No había tiempo que perder. No miraría atrás. Teníamos que salir de aquellas dunas hasta alcanzar el largo trecho de camino recto que nos devolvería a la zona recreativa y por fin al coche para volver a casa y, para eso quedaba. Lo que no quedaba era a penas sol y fuerza en las piernas que se hundían una y otra vez, a cada paso, en la arena antes, blanca, atravesada por las largas y robustas raíces de los pinos, más difíciles de ver en la oscuridad, lo que podría provocar cualquier caída o torpe tropiezo.

 

    Durante la vuelta no hablamos, salvo Pilar para decir: 

    — ¡Espera!  

    Mientras delante yo intento salir, a toda prisa, de aquellas ondas que se deshacen bajo nuestros pies, que no se acaban.

    El rugido del levante acrecienta un miedo que desde hace rato ya no disimulo.

    Dos, tres veces, creíamos haber alcanzado el ansiado cruce del camino que nos devolvería al suelo firme donde solo tendríamos que correr sin que desaparecieran bajo la arena nuestros pies a cada paso, para ponernos a salvo. En algún momento dudamos si torcer por algún camino alternativo que en la semioscuridad se parecía al nuestro.

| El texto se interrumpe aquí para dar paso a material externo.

definition linsys :: "('v,'e) mgraph \<Rightarrow> (('v,'e) point \<Rightarrow> int) \<Rightarrow> (('v,'e) point \<Rightarrow> int) set" where
  "linsys G D = {plus_prin G D f | f. f \<in> RD G D}"

text \<open>Membership of L in the cell with data (dv, part, m).  part e = [] means that
  edge e carries no partition; otherwise part e = [d_e^1, ..., d_e^{r_e}].\<close>
definition in_cell :: "('v,'e) mgraph \<Rightarrow> (('v,'e) point \<Rightarrow> int) \<Rightarrow>
    ('v \<Rightarrow> nat) \<Rightarrow> ('e \<Rightarrow> nat list) \<Rightarrow> ('e \<Rightarrow> int) \<Rightarrow> (('v,'e) point \<Rightarrow> int) \<Rightarrow> bool" where
  "in_cell G D dv part m L \<longleftrightarrow> L \<in> linsys G D \<and>
     (\<forall>v\<in>verts G. L (Vtx v) = int (dv v)) \<and>
     (\<forall>e\<in>edges G. \<exists>xs::real list. length xs = length (part e) \<and> sorted_wrt (<) xs \<and>
          (\<forall>x\<in>set xs. 0 < x \<and> x < elen G e) \<and>
          (\<forall>i<length xs. L (Pt e (xs ! i)) = int (part e ! i)) \<and>
          (\<forall>t. 0 < t \<and> t < elen G e \<and> t \<notin> set xs \<longrightarrow> L (Pt e t) = 0)) \<and>
     (\<forall>e\<in>edges G. \<forall>f\<in>RD G D. L = plus_prin G D f \<longrightarrow> fwd_slope (edge_fun G f e) 0 = m e)"

definition is_cell :: "('v,'e) mgraph \<Rightarrow> (('v,'e) point \<Rightarrow> int) \<Rightarrow> (('v,'e) point \<Rightarrow> int) set \<Rightarrow> bool" where
  "is_cell G D C \<longleftrightarrow> (\<exists>dv part m. (\<forall>e\<in>edges G. \<forall>k\<in>set (part e). 0 < k) \<and>
       C = {L. in_cell G D dv part m L})"
sublocale row_basis r lam dual_basis
proof
  fix i m
  assume i: "i \<in> {1..r}" and m: "m \<in> {1..r}"
  have "(\<Sum>a\<in>{1..r}. lam i a * dual_basis a m) = (\<Sum>a\<in>{1..r}. P (d i) a * Q a (d m))"
    using eigenvector_dual_entry[OF i] by (intro sum.cong) (simp_all add: dual_basis_def mult.assoc)
  also have "\<dots> = (if d i = d m then 1 else 0)"
    using PQ dual_mem[OF i] dual_mem[OF m] by blast
  also have "\<dots> = (if i = m then 1 else 0)"
    using dual_dual[OF i] dual_dual[OF m] by metis
  finally show "(\<Sum>a\<in>{1..r}. lam i a * dual_basis a m) = (if i = m then 1 else 0)" .
qed

lemma lam_mult_expansion:
  assumes i: "i \<in> {1..r}" and m: "m \<in> {1..r}" and j: "j \<in> {1..r}"
  shows "lam i j * lam m j = (\<Sum>l\<in>{1..r}. of_nat (N i m l) * lam l j)"
proof -
  have "lam i j * lam m j * P 1 j = lam i j * P (d m) j"
    using eigenvector_dual_entry[OF m j] by simp
  also have "\<dots> = (\<Sum>l\<in>{1..r}. of_nat (N i l (d m)) * P l j)"
    using eigen i j dual_mem[OF m] by simp
  also have "\<dots> = (\<Sum>l\<in>{1..r}. of_nat (N i l (d m)) * lam (d l) j * P 1 j)"
  proof (intro sum.cong refl)
    fix l
    assume "l \<in> {1..r}"
    then show "of_nat (N i l (d m)) * P l j = of_nat (N i l (d m)) * lam (d l) j * P 1 j"
      using eigenvector_entry[of l j] j by simp
  qed
  also have "\<dots> = (\<Sum>l\<in>{1..r}. of_nat (N i l (d m)) * lam (d l) j) * P 1 j"
    by (simp add: sum_distrib_right)
  also have "(\<Sum>l\<in>{1..r}. of_nat (N i l (d m)) * lam (d l) j)
      = (\<Sum>l\<in>{1..r}. of_nat (N i (d l) (d m)) * lam (d (d l)) j)"
    by (rule sum_reindex_dual[symmetric])
  also have "\<dots> = (\<Sum>l\<in>{1..r}. of_nat (N i m l) * lam l j)"
  proof (intro sum.cong refl)
    fix l
    assume l: "l \<in> {1..r}"
    have "N i m l = N (d l) i (d m)"
      using N_frobenius_right[OF i m l] N_frobenius_left[OF l dual_mem[OF m] i] by simp
    then show "of_nat (N i (d l) (d m)) * lam (d (d l)) j = of_nat (N i m l) * lam l j"
      using N_commute[OF dual_mem[OF l] i dual_mem[OF m]] dual_dual[OF l] by simp
  qed
  finally show ?thesis
    using eigenvector_first_entry_nonzero[OF j] by simp
qed
(* Let $m,n,s,k,c$ be positive integers such that $2\leq s\leq n$, $2\leq k\leq m$ and $ms=nk$. Suppose that $s$ and $k$ are both even and $(s,k)\neq(2,2)$. Then there exists a $\mathrm{MS}^0_{\mathbb Z_{nkc+1}^*}(m,n;s,k;c)$.
   Context: Let $(\Gamma,+)$ be an abelian group and $\Omega\subseteq\Gamma$ with $|\Omega|>1$. A partially filled array is an array in which some cells may be empty. A zero-sum magic partially filled array set $\mathrm{MS}^0_\Omega(m,n;s,k;c)$ is a set of $c$ partially filled $m\times n$ arrays with entries in $\Omega$ such that every element of $\Omega$ appears exactly once in exactly one of the arrays, every array has exactly $s$ filled cells in each row and exactly $k$ in each column, and in every array the entries of each row and of each column sum to $0_\Gamma$. $\mathbb Z_N$ is the cyclic group of order $N$ and $\mathbb Z_N^*=\mathbb Z_N\setminus\{0\}$. *)

theory Defs
  imports Main
begin

text \<open>Elements of the cyclic group Z_N are represented by their canonical
residues 0..N-1 (as integers); Z_N^* = Z_N minus 0 is then the set {1..N-1}.
A set of c partially filled m x n arrays is a function A, where A t i j is the
content of cell (i,j) of array t (t < c, i < m, j < n); None means empty.\<close>

definition ZN_star :: "nat \<Rightarrow> int set" where
  "ZN_star N = {1 .. int N - 1}"

definition row_cells :: "(nat \<Rightarrow> nat \<Rightarrow> nat \<Rightarrow> int option) \<Rightarrow> nat \<Rightarrow> nat \<Rightarrow> nat \<Rightarrow> nat set" where
  "row_cells A n t i = {j. j < n \<and> A t i j \<noteq> None}"

definition col_cells :: "(nat \<Rightarrow> nat \<Rightarrow> nat \<Rightarrow> int option) \<Rightarrow> nat \<Rightarrow> nat \<Rightarrow> nat \<Rightarrow> nat set" where
  "col_cells A m t j = {i. i < m \<and> A t i j \<noteq> None}"

definition is_MS0_ZN_star ::
  "nat \<Rightarrow> nat \<Rightarrow> nat \<Rightarrow> nat \<Rightarrow> nat \<Rightarrow> nat \<Rightarrow> (nat \<Rightarrow> nat \<Rightarrow> nat \<Rightarrow> int option) \<Rightarrow> bool" where
  "is_MS0_ZN_star N m n s k c A \<longleftrightarrow>
     (\<forall>t i j. (c \<le> t \<or> m \<le> i \<or> n \<le> j) \<longrightarrow> A t i j = None) \<and>
     (\<forall>t i j x. A t i j = Some x \<longrightarrow> x \<in> ZN_star N) \<and>
     (\<forall>x \<in> ZN_star N. \<exists>!(t, i, j). A t i j = Some x) \<and>
     (\<forall>t < c. \<forall>i < m. card (row_cells A n t i) = s) \<and>
     (\<forall>t < c. \<forall>j < n. card (col_cells A m t j) = k) \<and>
     (\<forall>t < c. \<forall>i < m. (\<Sum>j \<in> row_cells A n t i. the (A t i j)) mod int N = 0) \<and>
     (\<forall>t < c. \<forall>j < n. (\<Sum>i \<in> col_cells A m t j. the (A t i j)) mod int N = 0)"

end

theory Submission
  imports Defs
begin

text \<open>
  Write \<open>s = 2h\<close> and \<open>k = 2\<kappa>\<close>; after transposing if necessary, \<open>h \<ge> 2\<close>.
  With \<open>N = nkc + 1 = 2cmh + 1\<close>, the set \<open>\<int>\<^sub>N\<^sup>*\<close> splits into the \<open>cmh\<close> pairs
  \<open>{d, N - d}\<close>. Choose one representative \<open>d\<close> of every pair and arrange these into \<open>cm\<close>
  groups of \<open>h\<close> numbers, all groups having the same sum. Every group serves one row of one
  array: its \<open>h\<close> numbers \<open>d\<close> are placed in that row, and the \<open>h\<close> numbers \<open>N - d\<close> in
  the next row (cyclically), each in the column of its partner. A row then contains one group and
  the negatives of another, so it sums to \<open>hN\<close>; a column consists of \<open>\<kappa>\<close> full pairs and
  sums to \<open>\<kappa>N\<close>. Columns are blocks of \<open>\<kappa>\<close> consecutive positions in the ordering that
  lists the even positions before the odd ones, which keeps the \<open>2\<kappa>\<close> cells of every
  column in distinct rows.
\<close>

section \<open>Arrays filled from a placement\<close>

definition placement_array ::
  "('x \<Rightarrow> nat \<times> nat \<times> nat) \<Rightarrow> ('x \<Rightarrow> int) \<Rightarrow> 'x set \<Rightarrow> nat \<Rightarrow> nat \<Rightarrow> nat \<Rightarrow> int option" where
  "placement_array cell val X t i j =
     (if (t, i, j) \<in> cell ` X then Some (val (the_inv_into X cell (t, i, j))) else None)"
lemma resample_mgf_mono:
  assumes "finite B"
  shows "admissible N p s x \<Longrightarrow> admissible N p s y \<Longrightarrow> x \<le> y \<Longrightarrow>
    0 \<le> \<theta> * (resample_mgf \<theta> B s y - resample_mgf \<theta> B s x)"
proof (induction s arbitrary: x y)
  case (Leaf j)
  have "0 \<le> \<theta> * (exp (\<theta> * real y) - exp (\<theta> * real x))"
  proof (cases "0 \<le> \<theta>")
    case True
    then have "\<theta> * real x \<le> \<theta> * real y" using Leaf.prems(3) by (simp add: mult_left_mono)
    then show ?thesis using True by simp
  next
    case False
    then have "\<theta> * real y \<le> \<theta> * real x" using Leaf.prems(3) by (simp add: mult_left_mono_neg)
    then show ?thesis using False by (simp add: mult_nonpos_nonpos)
  qed
  then show ?case using assms by (simp add: resample_mgf_Leaf)
next
  case (Node f l r)
  let ?G = "resample_mgf \<theta> B"
  show ?case
  proof (cases "x = y")
    case False
    then have y: "y = Suc x"
      using admissible_range[OF Node.prems(1)] admissible_range[OF Node.prems(2)] Node.prems(3) by auto
    have "0 \<le> \<theta> * (?G l k' * ?G r (y - k') - ?G l k * ?G r (x - k))"
      if k: "k \<in> set_pmf (f x)" and k': "k' \<in> set_pmf (f y)" for k k'
    proof -
      have adm: "admissible N p l k" "admissible N p r (x - k)" "k \<le> x"
        and adm': "admissible N p l k'" "admissible N p r (y - k')" "k' \<le> y"
        using Node.prems(1,2) k k' by auto
      have "k \<le> k'" "x - k \<le> y - k'"
        using admissible_range[OF adm(1)] admissible_range[OF adm(2)]
          admissible_range[OF adm'(1)] admissible_range[OF adm'(2)] adm(3) adm'(3) y
        by auto
      then have "0 \<le> \<theta> * (?G l k' - ?G l k)" "0 \<le> \<theta> * (?G r (y - k') - ?G r (x - k))"
        using Node.IH(1)[OF adm(1) adm'(1)] Node.IH(2)[OF adm(2) adm'(2)] by auto
      moreover have "\<theta> * (?G l k' * ?G r (y - k') - ?G l k * ?G r (x - k)) =
          \<theta> * (?G l k' - ?G l k) * ?G r (y - k') + ?G l k * (\<theta> * (?G r (y - k') - ?G r (x - k)))"
        by (simp add: algebra_simps)
      ultimately show ?thesis by (simp add: resample_mgf_nonneg)
    qed
    then show ?thesis
      unfolding resample_mgf_Node[OF Node.prems(1)] resample_mgf_Node[OF Node.prems(2)]
      using finite_set_pmf_split[OF Node.prems(1)] finite_set_pmf_split[OF Node.prems(2)]
      by (intro mult_diff_expectation_nonneg)
  qed simp
qed

definition child_counts :: "nat pmf \<Rightarrow> (nat \<Rightarrow> nat pmf) \<Rightarrow> (nat \<times> nat) pmf" where
  "child_counts D f = D \<bind> (\<lambda>n. map_pmf (\<lambda>k. (k, n - k)) (f n))"

lemma admissible_child_counts:
  assumes "\<And>n. n \<in> set_pmf D \<Longrightarrow> admissible N p (Node f l r) n"
    and "(a, b) \<in> set_pmf (child_counts D f)"
  shows "admissible N p l a" "admissible N p r b"
    "a + b \<in> {mu_floor N p (Node f l r), mu_floor N p (Node f l r) + 1}"
proof -
  obtain n where "n \<in> set_pmf D" "a \<in> set_pmf (f n)" "b = n - a"
    using assms(2) by (auto simp: child_counts_def set_bind_pmf)
  with assms(1)[of n] show "admissible N p l a" "admissible N p r b"
    "a + b \<in> {mu_floor N p (Node f l r), mu_floor N p (Node f l r) + 1}"
    by auto
qed

lemma finite_set_pmf_child_counts:
  assumes "\<And>n. n \<in> set_pmf D \<Longrightarrow> admissible N p (Node f l r) n"
  shows "finite (set_pmf D)" "n \<in> set_pmf D \<Longrightarrow> finite (set_pmf (f n))"
    "finite (set_pmf (child_counts D f))"
proof -
  show finite_D: "finite (set_pmf D)" using assms by (rule finite_set_pmf_if_admissible)
  show finite_f: "finite (set_pmf (f n))" if "n \<in> set_pmf D" for n
    using assms[OF that] by (rule finite_set_pmf_split)
  show "finite (set_pmf (child_counts D f))"
    unfolding child_counts_def using finite_D finite_f by (intro finite_set_bind_pmf) auto
qed

lemma expectation_child_counts:
  assumes "\<And>n. n \<in> set_pmf D \<Longrightarrow> admissible N p (Node f l r) n"
  shows "E (child_counts D f) u = E D (\<lambda>n. E (f n) (\<lambda>k. u (k, n - k)))"
  unfolding child_counts_def using finite_set_pmf_child_counts[OF assms]
  by (subst expectation_bind_pmf_finite) auto

lemma resample_mgf_child_counts_le:
  assumes "finite B" and adm: "\<And>n. n \<in> set_pmf D \<Longrightarrow> admissible N p (Node f l r) n"
  shows "E D (resample_mgf \<theta> B (Node f l r)) \<le>
    E (map_pmf fst (child_counts D f)) (resample_mgf \<theta> B l) *
    E (map_pmf snd (child_counts D f)) (resample_mgf \<theta> B r)"
proof -
  let ?G = "resample_mgf \<theta> B" and ?J = "child_counts D f"
  define a b where "a = mu_floor N p l" and "b = mu_floor N p r"
  note adm_J = admissible_child_counts[where D = D, OF adm]
  have "E D (?G (Node f l r)) = E D (\<lambda>n. E (f n) (\<lambda>k. ?G l k * ?G r (n - k)))"
    using adm by (intro expectation_cong_pmf) (rule resample_mgf_Node)
  also have "\<dots> = E ?J (\<lambda>q. ?G l (fst q) * ?G r (snd q))"
    by (simp add: expectation_child_counts[OF adm])
  also have "\<dots> \<le> E ?J (\<lambda>q. ?G l (fst q)) * E ?J (\<lambda>q. ?G r (snd q))"
  proof (rule expectation_mult_le_two_by_two[where x = a and x' = "Suc a" and y = b and y' = "Suc b"])
    show "set_pmf ?J \<subseteq> {a, Suc a} \<times> {b, Suc b}"
      using admissible_range[OF adm_J(1)] admissible_range[OF adm_J(2)] by (force simp: a_def b_def)
    show "(a, b) \<notin> set_pmf ?J \<or> (Suc a, Suc b) \<notin> set_pmf ?J"
      using adm_J(3)[where a = a and b = b] adm_J(3)[where a = "Suc a" and b = "Suc b"] by auto
    assume "(Suc a, b) \<in> set_pmf ?J" "(a, Suc b) \<in> set_pmf ?J"
    then have "0 \<le> \<theta> * (?G l (Suc a) - ?G l a)" "0 \<le> \<theta> * (?G r (Suc b) - ?G r b)"
      using adm_J(1,2) by (auto intro!: resample_mgf_mono[OF assms(1)])
    then show "0 \<le> (?G l (Suc a) - ?G l a) * (?G r (Suc b) - ?G r b)"
      by (cases "\<theta> = 0") (auto simp: resample_mgf_zero zero_le_mult_iff)
  qed simp_all
  finally show ?thesis by simp
qed
(* Let $U\in\mathbb{R}^{n\times d}$, let $\mathbf{x}_*\in\mathbb{R}^d$ be $s$-sparse, $\mathbf{e}\in\mathbb{R}^n$ and $\mathbf{y}=U\mathbf{x}_*+\mathbf{e}$. Let $\mathbf{x}_t$ be an iterate of Algorithm 1 with support $\mathcal{S}_t$, and $\mathcal{S}_*$ the support of $\mathbf{x}_*$. If $|\mathcal{S}_t\setminus\mathcal{S}_*|\le s$, $\|\mathbf{x}_t-\mathbf{x}_*\|_2\le\Delta_t$ and $\lambda_t=\|U^\top\mathbf{e}\|_\infty+\frac{\delta_s+\sqrt2\theta_{s,s}}{\sqrt s}\Delta_t$, then \[ \|\mathbf{x}_{t+1}-\mathbf{x}_*\|_2\le(\delta_s+\sqrt2\theta_{s,s}+\delta_{3s})\Delta_t+(1+\sqrt2)\sqrt s\|U^\top\mathbf{e}\|_\infty . \]
   Context: $U_{\mathcal T}$ is the column submatrix of $U$ indexed by $\mathcal T$. $\delta_k$ is the smallest constant $\ge0$ with $(1-\delta_k)\|\mathbf{v}\|_2^2\le\|U_{\mathcal T}\mathbf{v}\|_2^2\le(1+\delta_k)\|\mathbf{v}\|_2^2$ for all $|\mathcal T|\le k$, $\mathbf{v}\in\mathbb{R}^{|\mathcal T|}$; $\theta_{s,s}$ (with $2s\le d$) is the smallest constant with $|\langle U_{\mathcal T}\mathbf{v},U_{\mathcal T'}\mathbf{v}'\rangle|\le\theta_{s,s}\|\mathbf{v}\|_2\|\mathbf{v}'\|_2$ for all disjoint $\mathcal T,\mathcal T'$ of size at most $s$. Algorithm 1: $\mathbf{x}_1=0$ and $\mathbf{x}_{t+1}=\mathrm{sign}(\widehat{\mathbf{x}}_t)[|\widehat{\mathbf{x}}_t|-\lambda_t]_+$ with $\widehat{\mathbf{x}}_t=\mathbf{x}_t-U^\top(U\mathbf{x}_t-\mathbf{y})$ (componentwise), for parameters $\lambda_t>0$. *)

theory Defs
  imports "HOL-Analysis.Analysis"
begin

definition supp :: "real^'d \<Rightarrow> 'd set" where
  "supp x = {i. x $ i \<noteq> 0}"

    Mi cabeza no puede dejar de imaginar un posible rescate en el monte de dos mujeres mayores, socias fundadoras de desorientadas anónimas, con helicópteros sobrevolando el pinar del parque, abriéndose paso con un potente haz de luz en la noche cerrada, con final incierto.

    Felizmente alcanzamos el camino aligerando el paso aún más si cabe, a pesar de los: 

    —¡Más despacio por favor, que me va a dar algo al corazón! suplicantes de Pilar. 

    En estos momentos no tengo tiempo de revolver en mi mochila buscando un poco de piedad. Sobrevivir, volver a cruzar la línea roja, esta vez hacia el lado bueno y, arrancar el coche es todo lo que quiero. 

    Y al fin lo hacemos. Como recompensa en una curva, desde lo alto de la carretera de Barbate, sentadas cómodamente, ante nosotras se despliega, ahora si, un mirador apacible y hermoso mostrándonos una magnífica vista nocturna del monte, la playa y el monumento natural del Tómbolo de Trafalgar. En él, el faro vigilante encendido, alumbra nuestro camino de vuelta a casa. "¡Tan fácil era!"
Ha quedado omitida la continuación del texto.